[Stored items]
BEGIN
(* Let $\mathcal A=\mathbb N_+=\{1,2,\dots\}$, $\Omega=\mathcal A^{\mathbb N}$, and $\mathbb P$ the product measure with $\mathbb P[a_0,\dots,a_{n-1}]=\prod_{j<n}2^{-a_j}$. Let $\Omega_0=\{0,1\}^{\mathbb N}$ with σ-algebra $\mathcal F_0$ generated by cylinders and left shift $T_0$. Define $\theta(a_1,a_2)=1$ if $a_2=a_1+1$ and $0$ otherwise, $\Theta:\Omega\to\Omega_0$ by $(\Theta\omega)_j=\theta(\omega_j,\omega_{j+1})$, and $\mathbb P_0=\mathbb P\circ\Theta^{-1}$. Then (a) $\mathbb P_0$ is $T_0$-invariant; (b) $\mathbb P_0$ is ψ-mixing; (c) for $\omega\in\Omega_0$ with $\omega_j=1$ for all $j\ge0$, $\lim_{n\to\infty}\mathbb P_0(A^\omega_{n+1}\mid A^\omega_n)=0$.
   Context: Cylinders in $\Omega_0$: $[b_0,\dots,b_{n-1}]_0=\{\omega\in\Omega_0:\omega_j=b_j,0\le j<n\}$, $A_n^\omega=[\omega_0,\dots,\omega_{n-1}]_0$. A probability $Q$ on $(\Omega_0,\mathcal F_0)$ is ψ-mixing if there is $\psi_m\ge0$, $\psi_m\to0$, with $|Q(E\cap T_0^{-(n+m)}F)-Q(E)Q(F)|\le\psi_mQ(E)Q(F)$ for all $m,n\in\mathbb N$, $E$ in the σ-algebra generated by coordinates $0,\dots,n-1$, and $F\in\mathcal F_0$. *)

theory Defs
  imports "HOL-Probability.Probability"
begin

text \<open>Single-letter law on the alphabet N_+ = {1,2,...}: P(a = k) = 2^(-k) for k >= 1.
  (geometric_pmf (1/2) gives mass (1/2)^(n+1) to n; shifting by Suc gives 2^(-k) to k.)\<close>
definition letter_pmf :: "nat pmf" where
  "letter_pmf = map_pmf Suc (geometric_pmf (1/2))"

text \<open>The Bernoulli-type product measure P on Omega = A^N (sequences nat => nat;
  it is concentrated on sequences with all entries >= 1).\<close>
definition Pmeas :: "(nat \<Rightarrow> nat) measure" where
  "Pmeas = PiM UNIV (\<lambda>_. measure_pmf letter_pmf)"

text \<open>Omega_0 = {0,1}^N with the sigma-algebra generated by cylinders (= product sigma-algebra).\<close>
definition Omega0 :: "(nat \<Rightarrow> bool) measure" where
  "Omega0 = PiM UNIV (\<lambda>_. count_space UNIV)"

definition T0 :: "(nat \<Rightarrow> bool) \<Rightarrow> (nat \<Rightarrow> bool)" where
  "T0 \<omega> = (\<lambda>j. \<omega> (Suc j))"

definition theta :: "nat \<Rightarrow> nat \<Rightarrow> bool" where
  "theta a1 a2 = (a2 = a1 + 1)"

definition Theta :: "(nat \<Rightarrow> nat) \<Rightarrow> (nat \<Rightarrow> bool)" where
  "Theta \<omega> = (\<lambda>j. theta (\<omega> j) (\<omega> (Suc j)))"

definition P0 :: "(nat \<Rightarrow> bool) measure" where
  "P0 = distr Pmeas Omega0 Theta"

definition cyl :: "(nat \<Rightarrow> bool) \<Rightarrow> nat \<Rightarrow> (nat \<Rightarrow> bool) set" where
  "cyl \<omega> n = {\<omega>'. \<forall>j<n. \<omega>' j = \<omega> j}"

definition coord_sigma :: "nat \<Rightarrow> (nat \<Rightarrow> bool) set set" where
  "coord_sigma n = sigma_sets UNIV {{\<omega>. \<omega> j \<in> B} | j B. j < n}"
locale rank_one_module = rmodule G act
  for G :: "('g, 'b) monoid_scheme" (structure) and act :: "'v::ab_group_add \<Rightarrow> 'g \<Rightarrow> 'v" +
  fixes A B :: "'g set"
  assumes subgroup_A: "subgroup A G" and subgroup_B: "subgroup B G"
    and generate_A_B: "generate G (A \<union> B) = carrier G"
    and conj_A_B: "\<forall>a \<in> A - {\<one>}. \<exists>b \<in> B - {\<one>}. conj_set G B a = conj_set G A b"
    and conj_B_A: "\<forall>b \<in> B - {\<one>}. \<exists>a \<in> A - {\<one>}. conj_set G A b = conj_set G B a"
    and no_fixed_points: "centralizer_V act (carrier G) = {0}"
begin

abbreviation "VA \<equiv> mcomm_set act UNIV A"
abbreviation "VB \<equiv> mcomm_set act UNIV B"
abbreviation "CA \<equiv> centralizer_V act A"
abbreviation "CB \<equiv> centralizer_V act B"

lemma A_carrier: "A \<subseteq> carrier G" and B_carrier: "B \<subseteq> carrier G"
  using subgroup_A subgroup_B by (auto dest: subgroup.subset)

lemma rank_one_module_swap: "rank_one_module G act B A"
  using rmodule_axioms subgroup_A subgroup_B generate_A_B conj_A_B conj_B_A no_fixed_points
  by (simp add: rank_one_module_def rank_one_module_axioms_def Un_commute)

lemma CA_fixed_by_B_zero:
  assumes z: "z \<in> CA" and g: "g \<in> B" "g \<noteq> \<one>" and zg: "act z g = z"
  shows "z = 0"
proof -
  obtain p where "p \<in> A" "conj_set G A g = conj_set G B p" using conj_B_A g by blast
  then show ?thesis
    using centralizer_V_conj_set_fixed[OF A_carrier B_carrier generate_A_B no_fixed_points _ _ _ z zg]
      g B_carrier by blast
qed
END
### Aim of the task
Using the entries above, return each line in which the word "dots" occurs.

### Exercise output
(* Let $\mathcal A=\mathbb N_+=\{1,2,\dots\}$, $\Omega=\mathcal A^{\mathbb N}$, and $\mathbb P$ the product measure with $\mathbb P[a_0,\dots,a_{n-1}]=\prod_{j<n}2^{-a_j}$. Let $\Omega_0=\{0,1\}^{\mathbb N}$ with σ-algebra $\mathcal F_0$ generated by cylinders and left shift $T_0$. Define $\theta(a_1,a_2)=1$ if $a_2=a_1+1$ and $0$ otherwise, $\Theta:\Omega\to\Omega_0$ by $(\Theta\omega)_j=\theta(\omega_j,\omega_{j+1})$, and $\mathbb P_0=\mathbb P\circ\Theta^{-1}$. Then (a) $\mathbb P_0$ is $T_0$-invariant; (b) $\mathbb P_0$ is ψ-mixing; (c) for $\omega\in\Omega_0$ with $\omega_j=1$ for all $j\ge0$, $\lim_{n\to\infty}\mathbb P_0(A^\omega_{n+1}\mid A^\omega_n)=0$.
   Context: Cylinders in $\Omega_0$: $[b_0,\dots,b_{n-1}]_0=\{\omega\in\Omega_0:\omega_j=b_j,0\le j<n\}$, $A_n^\omega=[\omega_0,\dots,\omega_{n-1}]_0$. A probability $Q$ on $(\Omega_0,\mathcal F_0)$ is ψ-mixing if there is $\psi_m\ge0$, $\psi_m\to0$, with $|Q(E\cap T_0^{-(n+m)}F)-Q(E)Q(F)|\le\psi_mQ(E)Q(F)$ for all $m,n\in\mathbb N$, $E$ in the σ-algebra generated by coordinates $0,\dots,n-1$, and $F\in\mathcal F_0$. *)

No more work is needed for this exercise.